I know, but the crashes were absolutely random. At times it could go on compiling for hours (I once made a whole emerge -e system without having it crashing), and it would then panic after less than 20 minutes as I tried compiling something later on.

----------

## nielchiano

 *Mamour wrote:*   

>  *nielchiano wrote:*   I don't think that's my problem, since if I don't use the bridge, I can recompile gcc+glibc without any problem at all. (as you know, recompiling gcc+glibc on a P2 400MHz does take a while @ 100%...) 
> 
> I know, but the crashes were absolutely random. At times it could go on compiling for hours (I once made a whole emerge -e system without having it crashing), and it would then panic after less than 20 minutes as I tried compiling something later on.

 

To rule that out, I was able to reproduce the problem on a different computer.

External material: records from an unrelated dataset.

lemma hellinger_le:
  assumes "0 \<le> \<theta>" "\<theta> \<le> 1/2"
  shows "hellinger \<theta> p q \<le> exp (- \<theta> * (sqrt p - sqrt q)\<^sup>2)"
proof -
  have "hellinger \<theta> p q
      \<le> (1 - 2 * \<theta>) * (p + (1 - p)) + 2 * \<theta> * (sqrt (p * q) + sqrt ((1 - p) * (1 - q)))"
    using add_mono[OF powr_mult_powr_le[of p q \<theta>] powr_mult_powr_le[of "1 - p" "1 - q" \<theta>]] p q assms
    unfolding hellinger_def by argo
  also have "\<dots> \<le> 1 - \<theta> * (sqrt p - sqrt q)\<^sup>2"
    using mult_left_mono[OF hellinger_half_le, of "2 * \<theta>"] assms
    unfolding hellinger_half by (simp add: algebra_simps)
  also have "\<dots> \<le> exp (- \<theta> * (sqrt p - sqrt q)\<^sup>2)"
    using exp_ge_add_one_self[of "- \<theta> * (sqrt p - sqrt q)\<^sup>2"] by simp
  finally show ?thesis .
qed

end

lemma mult_exp_ln_diff:
  fixes x y \<theta> :: real
  assumes "0 < x" "0 < y"
  shows "x * exp (\<theta> * (ln y - ln x)) = x powr (1 - \<theta>) * y powr \<theta>"
proof -
  have "x * exp (\<theta> * (ln y - ln x)) = exp (ln x + \<theta> * (ln y - ln x))"
    using assms by (simp add: exp_add)
  then show ?thesis
    using assms by (simp add: powr_def exp_add[symmetric] algebra_simps)
qed

context
  fixes p q :: real
  assumes q: "0 < q" and qp: "q < p" and p: "p < 1"
begin

lemma ln_Rfun_eq: "ln (Rfun p q) = (ln p - ln q) + (ln (1 - q) - ln (1 - p))"
  using q qp p by (simp add: Rfun_def ln_div ln_mult)

lemma ln_ratio_le_ln_Rfun: "ln p - ln q \<le> ln (Rfun p q)"
  using q qp p by (simp add: ln_Rfun_eq)

lemma ln_Rfun_pos: "0 < ln (Rfun p q)"
proof -
  have "ln q < ln p" "ln (1 - p) < ln (1 - q)"
    using q qp p by simp_all
  then show ?thesis
    by (simp add: ln_Rfun_eq)
qed

lemma ln_Rfun_mult_Dfun: "ln (Rfun p q) * Dfun p q = ln (1 - q) - ln (1 - p)"
  using q qp p ln_Rfun_pos by (simp add: Dfun_def ln_div)

lemma ln_Rfun_mult_one_minus_Dfun: "ln (Rfun p q) * (1 - Dfun p q) = ln p - ln q"
  using ln_Rfun_eq ln_Rfun_mult_Dfun by (simp add: right_diff_distrib)

text \<open>By \<open>ln t \<le> t - 1\<close> applied to \<open>(1-q)/(1-p)\<close> and to \<open>q/p\<close>.\<close>
lemma Dfun_le: "Dfun p q \<le> p"
proof -
  have "(1 - p) * (ln (1 - q) - ln (1 - p)) \<le> p - q"
    using ln_le_minus_one[of "(1 - q) / (1 - p)"] q qp p
    by (simp add: ln_div mult_left_mono[of _ _ "1 - p", simplified] field_simps)
  moreover have "p * (ln q - ln p) \<le> q - p"
    using ln_le_minus_one[of "q / p"] q qp
    by (simp add: ln_div mult_left_mono[of _ _ p, simplified] field_simps)
  ultimately have "ln (Rfun p q) * Dfun p q \<le> p * ln (Rfun p q)"
    unfolding ln_Rfun_mult_Dfun unfolding ln_Rfun_eq
    by (simp add: algebra_simps)
  then show ?thesis
    using ln_Rfun_pos by (simp add: mult.commute)
qed

lemma ln_Rfun_exponents:
  "\<theta> * ln (Rfun p q) * (1 - Dfun p q) = \<theta> * (ln p - ln q)"
  "\<theta> * ln (Rfun p q) * Dfun p q = \<theta> * (ln (1 - q) - ln (1 - p))"
  by (simp_all only: mult.assoc ln_Rfun_mult_one_minus_Dfun ln_Rfun_mult_Dfun)

lemma expectation_exp_same_community:
  "measure_pmf.expectation (bernoulli_pmf p)
     (\<lambda>v. exp (- (\<theta> * ln (Rfun p q) * (of_bool v - Dfun p q)))) = hellinger \<theta> p q"
proof -
  have "measure_pmf.expectation (bernoulli_pmf p)
      (\<lambda>v. exp (- (\<theta> * ln (Rfun p q) * (of_bool v - Dfun p q))))
    = exp (- (\<theta> * ln (Rfun p q) * (1 - Dfun p q))) * p
      + exp (- (\<theta> * ln (Rfun p q) * (0 - Dfun p q))) * (1 - p)"
    using q qp p by (subst integral_bernoulli_pmf) simp_all
  also have "\<dots> = exp (- (\<theta> * (ln p - ln q))) * p + exp (\<theta> * (ln (1 - q) - ln (1 - p))) * (1 - p)"
    by (simp only: diff_0 mult_minus_right minus_minus ln_Rfun_exponents)
  also have "\<dots> = hellinger \<theta> p q"
    using q qp p mult_exp_ln_diff[of p q \<theta>] mult_exp_ln_diff[of "1 - p" "1 - q" \<theta>]
    by (simp add: hellinger_def algebra_simps)
  finally show ?thesis .
qed

lemma expectation_exp_other_community:
  "measure_pmf.expectation (bernoulli_pmf q)
     (\<lambda>v. exp (\<theta> * ln (Rfun p q) * (of_bool v - Dfun p q))) = hellinger \<theta> q p"
proof -
  have "measure_pmf.expectation (bernoulli_pmf q)
      (\<lambda>v. exp (\<theta> * ln (Rfun p q) * (of_bool v - Dfun p q)))
    = exp (\<theta> * ln (Rfun p q) * (1 - Dfun p q)) * q
      + exp (\<theta> * ln (Rfun p q) * (0 - Dfun p q)) * (1 - q)"
    using q qp p by (subst integral_bernoulli_pmf) simp_all
  also have "\<dots> = exp (\<theta> * (ln p - ln q)) * q + exp (- (\<theta> * (ln (1 - q) - ln (1 - p)))) * (1 - q)"
    by (simp only: diff_0 mult_minus_right ln_Rfun_exponents)
  also have "\<dots> = hellinger \<theta> q p"
    using q qp p mult_exp_ln_diff[of q p \<theta>] mult_exp_ln_diff[of "1 - q" "1 - p" \<theta>]
    by (simp add: hellinger_def algebra_simps)
  finally show ?thesis .
qed

end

The only thing the two machines have in common is the wall-outlet and the switch.

I'm now recompiling without PREEMPT, and see where that brings me

----------

## nielchiano

 *nielchiano wrote:*   

> I'm now recompiling without PREEMPT, and see where that brings me

 

to the start... panic'ed again...

----------

## Mamour

 *nielchiano wrote:*   

>  *nielchiano wrote:*   I'm now recompiling without PREEMPT, and see where that brings me 
> 
> to the start... panic'ed again...

 

Bad news  :Sad: ... I guess your situation boils down to two alternatives. Either you've hit some obscure kernel bug, or you're having a hardware issue. I had the latter myself when my system kept crashing under heavy loads, and it's more probable than the kernel bug theory.

What kind of computer are you using? How powerful is your power supply? Too low wattage really does take its toll on a heavily used system, I can vouch for that.

----------